What you need to do -
Find each line of the entries with the string "ultimately", please, and copy it.

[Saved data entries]
════════

lemma lang_exp_tm1_not_pumpable:
  assumes w: "replicate (2 ^ Suc p) 1 @ replicate (Suc p) 2 = u @ v @ x @ y @ z"
    and short: "length (v @ x @ y) \<le> p" and "v @ y \<noteq> []" "set (v @ y) \<subseteq> set x"
  shows "\<exists>i. u @ concat (replicate i v) @ x @ concat (replicate i y) @ z \<notin> lang_tm1 exp_tm1"
proof (rule ccontr)
  assume "\<not> ?thesis"
  then have pumped: "u @ concat (replicate i v) @ x @ concat (replicate i y) @ z \<in> lang_tm1 exp_tm1"
    for i by blast
  let ?w = "replicate (2 ^ Suc p) 1 @ replicate (Suc p) (2::nat)"
  let ?c = "\<lambda>i a. count_list (u @ x @ z) a + i * count_list (v @ y) a"
  have "set (v @ y) \<subseteq> set ?w" unfolding w by auto
  then have vy_letters: "set (v @ y) \<subseteq> {1, 2}" by auto
  have bound: "2 ^ ?c i 2 \<le> ?c i 1" for i
  proof -
    have "sorted (u @ concat (replicate i v) @ x @ concat (replicate i y) @ z)"
      using assms(4) by (intro sorted_pump) (auto simp flip: w simp: sorted_append)
    then have "2 ^ count_list (u @ concat (replicate i v) @ x @ concat (replicate i y) @ z) 2 \<le>
        count_list (u @ concat (replicate i v) @ x @ concat (replicate i y) @ z) 1"
      using pumped[of i] sorted_in_lang_exp_tm1_iff by blast
    then show ?thesis by (simp only: count_list_pump)
  qed
  have "?c 1 a = count_list ?w a" for a
    using count_list_pump[of u 1 v x y z a] unfolding w by simp
  then have c1: "?c 1 1 = 2 ^ Suc p" and c2: "?c 1 2 = Suc p"
    by (simp_all add: count_list_eq_length_filter)
  have "count_list (v @ y) 1 + count_list (v @ y) 2 = length (v @ y)"
    using sum_count_set[OF vy_letters] by simp
  moreover have "0 < length (v @ y)" "length (v @ y) \<le> p"
    using short \<open>v @ y \<noteq> []\<close> by auto
  ultimately consider "count_list (v @ y) 2 = 0" "1 \<le> count_list (v @ y) 1"
    | "1 \<le> count_list (v @ y) 2" "count_list (v @ y) 1 \<le> p"
    by linarith
  then show False
  proof cases
    case 1
    then show False
      using bound[of 0] c1 c2 by simp
  next
    case 2
    have "p < 2 ^ Suc p"
      using less_exp[of p] by (simp only: power_Suc)
    then have "?c 2 1 < 2 ^ Suc (Suc p)" using 2(2) c1 by simp
    moreover have "2 ^ Suc (Suc p) \<le> (2::nat) ^ ?c 2 2"
      using 2(1) c2 by (intro power_increasing) auto
    ultimately show False
      using bound[of 2] by simp
  qed
qed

════════

Exercise solution -
  ultimately consider "count_list (v @ y) 2 = 0" "1 \<le> count_list (v @ y) 1"
    ultimately show False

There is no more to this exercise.